Brief -> Repeat exactly the lines from the start of the records below through the line that contains "actions A_0..A_T (rewards R_0..R_T).\<close>", including both.

▬▬▬

(* Let $(\mathcal S,\mathcal A,P,R,d_0)$ be a finite episodic MDP with horizon $T$ and $\pi_\theta$ a parameterized policy satisfying the score bound described in the context. Then there exists a finite constant $L_e$ such that for all $\gamma\in[0,1]$ (and all $\theta$), $$\Big\|\sum_{s\in\mathcal S}V^{\pi_\theta}_\gamma(s)\,\frac{\partial}{\partial\theta}d^{\pi_\theta}_\gamma(s)\Big\|\le(1-\gamma)L_e.$$
   Context: Setting: $\mathcal S$ is a finite set of states, $\mathcal A$ a finite set of actions, $P(s'\mid s,a)$ a transition function, $R(\cdot\mid s,a,s')$ a reward distribution supported in $[-R_{\max},R_{\max}]$, and $d_0$ an initial state distribution. There is a terminal absorbing state in which the agent stays and receives reward $0$. An episode: $S_0\sim d_0$; at each time $t$, $A_t\sim\pi_\theta(\cdot\mid S_t)$, $S_{t+1}\sim P(\cdot\mid S_t,A_t)$, $R_t\sim R(\cdot\mid S_t,A_t,S_{t+1})$; the horizon $T$ is fixed and $S_T$ is terminal. The policy $\pi_\theta(a\mid s)$ is positive and differentiable in $\theta\in\mathbb R^n$, and there is a constant $L_\pi$ with $\big\|\frac{\partial}{\partial\theta}\ln\pi_\theta(a\mid s)\big\|\le L_\pi$ for all $\theta,s,a$. Probabilities and expectations are under $\pi=\pi_\theta$. For $\gamma\in[0,1]$ (with $0^0=1$), $V^{\pi_\theta}_\gamma(s)=\mathbb E\big[\sum_{i=t}^{T}\gamma^{i-t}R_i\,\big|\,S_t=s\big]$, treated as a function of $s$ alone (the conditional expectation is assumed not to depend on $t$), and $d^{\pi_\theta}_\gamma(s)=d_0(s)+(1-\gamma)\sum_{t=1}^{T-1}\Pr(S_t=s)$. *)

theory Defs
  imports "HOL-Probability.Probability"
begin

definition traj_prob :: "'s pmf \<Rightarrow> ('s \<Rightarrow> 'a \<Rightarrow> 's pmf) \<Rightarrow> ('s \<Rightarrow> 'a pmf)
    \<Rightarrow> 's list \<Rightarrow> 'a list \<Rightarrow> real" where
  "traj_prob d0 P pol ss as =
     pmf d0 (ss ! 0) *
     (\<Prod>j<length as. pmf (pol (ss ! j)) (as ! j) * pmf (P (ss ! j) (as ! j)) (ss ! (j + 1)))"

text \<open>All trajectories of an episode with horizon T: states S_0..S_{T+1},
actions A_0..A_T (rewards R_0..R_T).\<close>
definition trajs :: "nat \<Rightarrow> ('s list \<times> 'a list) set" where
  "trajs T = {(ss, as). length ss = T + 2 \<and> length as = T + 1}"

definition state_prob :: "'s pmf \<Rightarrow> ('s \<Rightarrow> 'a \<Rightarrow> 's pmf) \<Rightarrow> ('s \<Rightarrow> 'a pmf)
    \<Rightarrow> nat \<Rightarrow> nat \<Rightarrow> 's \<Rightarrow> real" where
  "state_prob d0 P pol T t s =
     (\<Sum>(ss, as) \<in> trajs T. if ss ! t = s then traj_prob d0 P pol ss as else 0)"

definition mean_reward :: "('s \<Rightarrow> 'a \<Rightarrow> 's \<Rightarrow> real measure) \<Rightarrow> 's \<Rightarrow> 'a \<Rightarrow> 's \<Rightarrow> real" where
  "mean_reward R s a s' = integral\<^sup>L (R s a s') (\<lambda>x. x)"

definition cond_return :: "'s pmf \<Rightarrow> ('s \<Rightarrow> 'a \<Rightarrow> 's pmf) \<Rightarrow> ('s \<Rightarrow> 'a pmf)
    \<Rightarrow> ('s \<Rightarrow> 'a \<Rightarrow> 's \<Rightarrow> real measure) \<Rightarrow> nat \<Rightarrow> real \<Rightarrow> nat \<Rightarrow> 's \<Rightarrow> real" where
  "cond_return d0 P pol R T \<gamma> t s =
     (\<Sum>(ss, as) \<in> trajs T. if ss ! t = s then traj_prob d0 P pol ss as *
        (\<Sum>i = t..T. \<gamma> ^ (i - t) * mean_reward R (ss ! i) (as ! i) (ss ! (i + 1))) else 0)
     / state_prob d0 P pol T t s"

definition disc_visit :: "'s pmf \<Rightarrow> ('s \<Rightarrow> 'a \<Rightarrow> 's pmf) \<Rightarrow> ('s \<Rightarrow> 'a pmf)
    \<Rightarrow> nat \<Rightarrow> real \<Rightarrow> 's \<Rightarrow> real" where
  "disc_visit d0 P pol T \<gamma> s =
     pmf d0 s + (1 - \<gamma>) * (\<Sum>t = 1..T - 1. state_prob d0 P pol T t s)"

end

theory Submission
  imports Defs
begin

(* The parameter enters d_gamma(s) only through the visitation probabilities Pr(S_t = s), t >= 1,
   which carry the factor 1 - gamma; so it suffices to bound |V_gamma(s)| * |grad Pr(S_t = s)|
   uniformly. A trajectory probability is a product of factors in [0,1] whose policy factors have
   gradient pi * grad ln pi of norm at most L_pi, so by the product rule its gradient has norm at
   most (T + 1) L_pi. Where Pr(S_t = s) = 0 it is at its minimum and its gradient vanishes;
   elsewhere V_gamma(s) is a conditional expected return, bounded by (T + 1) R_max. *)

definition bounded_gradient :: "('v::real_inner \<Rightarrow> real) \<Rightarrow> 'v \<Rightarrow> real \<Rightarrow> bool" where
  "bounded_gradient f x L \<longleftrightarrow> (\<exists>g. GDERIV f x :> g \<and> norm g \<le> L)"

lemma bounded_gradient_nonneg: "bounded_gradient f x L \<Longrightarrow> 0 \<le> L"
  unfolding bounded_gradient_def using norm_ge_zero order_trans by blast

lemma bounded_gradient_mono: "bounded_gradient f x L \<Longrightarrow> L \<le> L' \<Longrightarrow> bounded_gradient f x L'"
  unfolding bounded_gradient_def by force

lemma bounded_gradient_const: "bounded_gradient (\<lambda>y. c) x 0"
  unfolding bounded_gradient_def using GDERIV_const by force

lemma bounded_gradient_mult:
  assumes "bounded_gradient f x Lf" "bounded_gradient g x Lg" "\<bar>f x\<bar> \<le> 1" "\<bar>g x\<bar> \<le> 1"
  shows "bounded_gradient (\<lambda>y. f y * g y) x (Lf + Lg)"
proof -
  obtain df dg where df: "GDERIV f x :> df" "norm df \<le> Lf" and dg: "GDERIV g x :> dg" "norm dg \<le> Lg"
    using assms(1,2) unfolding bounded_gradient_def by blast
  have "norm (f x *\<^sub>R dg + g x *\<^sub>R df) \<le> \<bar>f x\<bar> * norm dg + \<bar>g x\<bar> * norm df"
    by (metis norm_scaleR norm_triangle_ineq)
  also have "\<dots> \<le> norm dg + norm df"
    using assms(3,4) by (intro add_mono mult_left_le_one_le) auto
  finally show ?thesis
    using GDERIV_mult[OF df(1) dg(1)] df(2) dg(2) unfolding bounded_gradient_def by force
qed

lemma bounded_gradient_prod:
  assumes "\<And>j. j < n \<Longrightarrow> bounded_gradient (f j) x L" "\<And>j. j < n \<Longrightarrow> \<bar>f j x\<bar> \<le> 1"
  shows "bounded_gradient (\<lambda>y. \<Prod>j<n. f j y) x (real n * L)"
  using assms
proof (induction n)
  case 0
  show ?case using bounded_gradient_const by simp
next
  case (Suc n)
  have "\<bar>\<Prod>j<n. f j x\<bar> \<le> 1"
    using Suc.prems(2) by (auto simp: abs_prod intro: prod_le_1)
  then have "bounded_gradient (\<lambda>y. (\<Prod>j<n. f j y) * f n y) x (real n * L + L)"
    using Suc by (intro bounded_gradient_mult) auto
  then show ?case by (simp add: algebra_simps)
qed

lemma GDERIV_sum:
  assumes "\<And>a. a \<in> A \<Longrightarrow> GDERIV (f a) x :> g a"
  shows "GDERIV (\<lambda>y. \<Sum>a\<in>A. f a y) x :> (\<Sum>a\<in>A. g a)"
  using assms unfolding gderiv_def inner_sum_right by (rule has_derivative_sum)

lemma bounded_gradient_sum:
  assumes "\<And>a. a \<in> A \<Longrightarrow> bounded_gradient (f a) x L"
  shows "bounded_gradient (\<lambda>y. \<Sum>a\<in>A. f a y) x (real (card A) * L)"
proof -
  obtain g where g: "\<And>a. a \<in> A \<Longrightarrow> GDERIV (f a) x :> g a \<and> norm (g a) \<le> L"
    using assms unfolding bounded_gradient_def by (metis bchoice)
  have "norm (\<Sum>a\<in>A. g a) \<le> real (card A) * L"
    using g by (intro order_trans[OF norm_sum sum_bounded_above]) auto
  then show ?thesis
    using GDERIV_sum[of A f x g] g unfolding bounded_gradient_def by blast
qed

lemma bounded_gradient_of_ln:
  assumes "\<And>y. 0 < f y" "f x \<le> 1" "bounded_gradient (\<lambda>y. ln (f y)) x L"
  shows "bounded_gradient f x L"
proof -
  obtain g where g: "GDERIV (\<lambda>y. ln (f y)) x :> g" "norm g \<le> L"
    using assms(3) unfolding bounded_gradient_def by blast
  have "GDERIV (\<lambda>y. exp (ln (f y))) x :> exp (ln (f x)) *\<^sub>R g"
    using GDERIV_DERIV_compose[OF g(1) DERIV_exp] .
  then have "GDERIV f x :> f x *\<^sub>R g"
    using assms(1) by simp
  moreover have "f x * norm g \<le> norm g"
    using assms(1,2) by (simp add: less_imp_le mult_left_le_one_le)
  ultimately show ?thesis
    using assms(1) g(2) unfolding bounded_gradient_def by (force simp: abs_of_pos)
qed

lemma GDERIV_zero_at_minimum:
  assumes "GDERIV f x :> g" "\<And>y. f x \<le> f y"
  shows "g = 0"
proof -
  have "(\<lambda>h. h \<bullet> g) = (\<lambda>h. 0)"
    using assms by (intro differential_zero_maxmin[of x UNIV f]) (auto simp: gderiv_def)
  then have "g \<bullet> g = 0" by metis
  then show ?thesis by simp
qed

lemma norm_scaleR_gradient_le:
  assumes "GDERIV f x :> g" "\<And>y. 0 \<le> f y" "0 < f x \<Longrightarrow> \<bar>c\<bar> \<le> B" "norm g \<le> K" "0 \<le> B"
  shows "norm (c *\<^sub>R g) \<le> B * K"
proof (cases "0 < f x")
  case True
  then show ?thesis
    using assms by (simp add: mult_mono)
next
  case False
  then have "g = 0"
    using assms(1,2) by (intro GDERIV_zero_at_minimum) (auto intro: order_trans[of _ 0] simp: not_less)
  then show ?thesis
    using assms(4,5) by simp
qed

lemma abs_weighted_sum_le:
  fixes w X :: "'b \<Rightarrow> real"
  assumes "\<And>x. x \<in> A \<Longrightarrow> 0 \<le> w x" "\<And>x. x \<in> A \<Longrightarrow> \<bar>X x\<bar> \<le> B"
  shows "\<bar>\<Sum>x\<in>A. w x * X x\<bar> \<le> B * (\<Sum>x\<in>A. w x)"
proof -
  have "\<bar>\<Sum>x\<in>A. w x * X x\<bar> \<le> (\<Sum>x\<in>A. \<bar>w x * X x\<bar>)"
    by (rule sum_abs)
  also have "\<dots> = (\<Sum>x\<in>A. w x * \<bar>X x\<bar>)"
    using assms(1) by (intro sum.cong) (auto simp: abs_mult)
  also have "\<dots> \<le> (\<Sum>x\<in>A. B * w x)"
    using assms by (intro sum_mono) (metis mult.commute mult_left_mono)
  finally show ?thesis
    by (simp add: sum_distrib_left)
qed

lemma abs_discounted_return_le:
  fixes \<gamma> :: real
  assumes "\<And>i. \<bar>r i\<bar> \<le> M" "0 \<le> \<gamma>" "\<gamma> \<le> 1"
  shows "\<bar>\<Sum>i = t..T. \<gamma> ^ (i - t) * r i\<bar> \<le> real (T + 1) * M"
proof -
  have "\<bar>\<Sum>i = t..T. \<gamma> ^ (i - t) * r i\<bar> \<le> real (card {t..T}) * M"
  proof (rule order_trans[OF sum_abs sum_bounded_above])
    fix i
    have "\<bar>\<gamma> ^ (i - t)\<bar> * \<bar>r i\<bar> \<le> \<bar>r i\<bar>"
      using assms(2,3) by (simp add: mult_left_le_one_le power_le_one)
    then show "\<bar>\<gamma> ^ (i - t) * r i\<bar> \<le> M"
      using assms(1)[of i] by (simp add: abs_mult)
  qed
  also have "\<dots> \<le> real (T + 1) * M"
    using assms(1)[of 0] by (intro mult_right_mono) auto
  finally show ?thesis .
qed

lemma mean_reward_bound:
  assumes "prob_space (R s a s')" "sets (R s a s') = sets borel" "AE x in R s a s'. \<bar>x\<bar> \<le> Rmax"
  shows "\<bar>mean_reward R s a s'\<bar> \<le> Rmax"
proof -
  interpret prob_space "R s a s'" by fact
  have "(\<lambda>x. x) \<in> borel_measurable (R s a s')"
    unfolding measurable_cong_sets[OF assms(2) refl] by simp
  then have "integrable (R s a s') (\<lambda>x. x)"
    using assms(3) by (intro integrable_const_bound[where B = Rmax]) simp_all
  then have "(\<integral>x. \<bar>x\<bar> \<partial>R s a s') \<le> Rmax"
    using assms(3) by (intro integral_le_const) simp_all
  then show ?thesis
    unfolding mean_reward_def using integral_abs_bound[of "R s a s'" "\<lambda>x. x"] by linarith
qed

lemma traj_prob_nonneg: "0 \<le> traj_prob d0 P pol ss as"
  unfolding traj_prob_def by (auto intro!: prod_nonneg mult_nonneg_nonneg)

lemma state_prob_nonneg: "0 \<le> state_prob d0 P pol T t s"
  unfolding state_prob_def by (auto intro!: sum_nonneg traj_prob_nonneg)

▬▬▬

Written response ->
(* Let $(\mathcal S,\mathcal A,P,R,d_0)$ be a finite episodic MDP with horizon $T$ and $\pi_\theta$ a parameterized policy satisfying the score bound described in the context. Then there exists a finite constant $L_e$ such that for all $\gamma\in[0,1]$ (and all $\theta$), $$\Big\|\sum_{s\in\mathcal S}V^{\pi_\theta}_\gamma(s)\,\frac{\partial}{\partial\theta}d^{\pi_\theta}_\gamma(s)\Big\|\le(1-\gamma)L_e.$$
   Context: Setting: $\mathcal S$ is a finite set of states, $\mathcal A$ a finite set of actions, $P(s'\mid s,a)$ a transition function, $R(\cdot\mid s,a,s')$ a reward distribution supported in $[-R_{\max},R_{\max}]$, and $d_0$ an initial state distribution. There is a terminal absorbing state in which the agent stays and receives reward $0$. An episode: $S_0\sim d_0$; at each time $t$, $A_t\sim\pi_\theta(\cdot\mid S_t)$, $S_{t+1}\sim P(\cdot\mid S_t,A_t)$, $R_t\sim R(\cdot\mid S_t,A_t,S_{t+1})$; the horizon $T$ is fixed and $S_T$ is terminal. The policy $\pi_\theta(a\mid s)$ is positive and differentiable in $\theta\in\mathbb R^n$, and there is a constant $L_\pi$ with $\big\|\frac{\partial}{\partial\theta}\ln\pi_\theta(a\mid s)\big\|\le L_\pi$ for all $\theta,s,a$. Probabilities and expectations are under $\pi=\pi_\theta$. For $\gamma\in[0,1]$ (with $0^0=1$), $V^{\pi_\theta}_\gamma(s)=\mathbb E\big[\sum_{i=t}^{T}\gamma^{i-t}R_i\,\big|\,S_t=s\big]$, treated as a function of $s$ alone (the conditional expectation is assumed not to depend on $t$), and $d^{\pi_\theta}_\gamma(s)=d_0(s)+(1-\gamma)\sum_{t=1}^{T-1}\Pr(S_t=s)$. *)

theory Defs
  imports "HOL-Probability.Probability"
begin

definition traj_prob :: "'s pmf \<Rightarrow> ('s \<Rightarrow> 'a \<Rightarrow> 's pmf) \<Rightarrow> ('s \<Rightarrow> 'a pmf)
    \<Rightarrow> 's list \<Rightarrow> 'a list \<Rightarrow> real" where
  "traj_prob d0 P pol ss as =
     pmf d0 (ss ! 0) *
     (\<Prod>j<length as. pmf (pol (ss ! j)) (as ! j) * pmf (P (ss ! j) (as ! j)) (ss ! (j + 1)))"

text \<open>All trajectories of an episode with horizon T: states S_0..S_{T+1},
actions A_0..A_T (rewards R_0..R_T).\<close>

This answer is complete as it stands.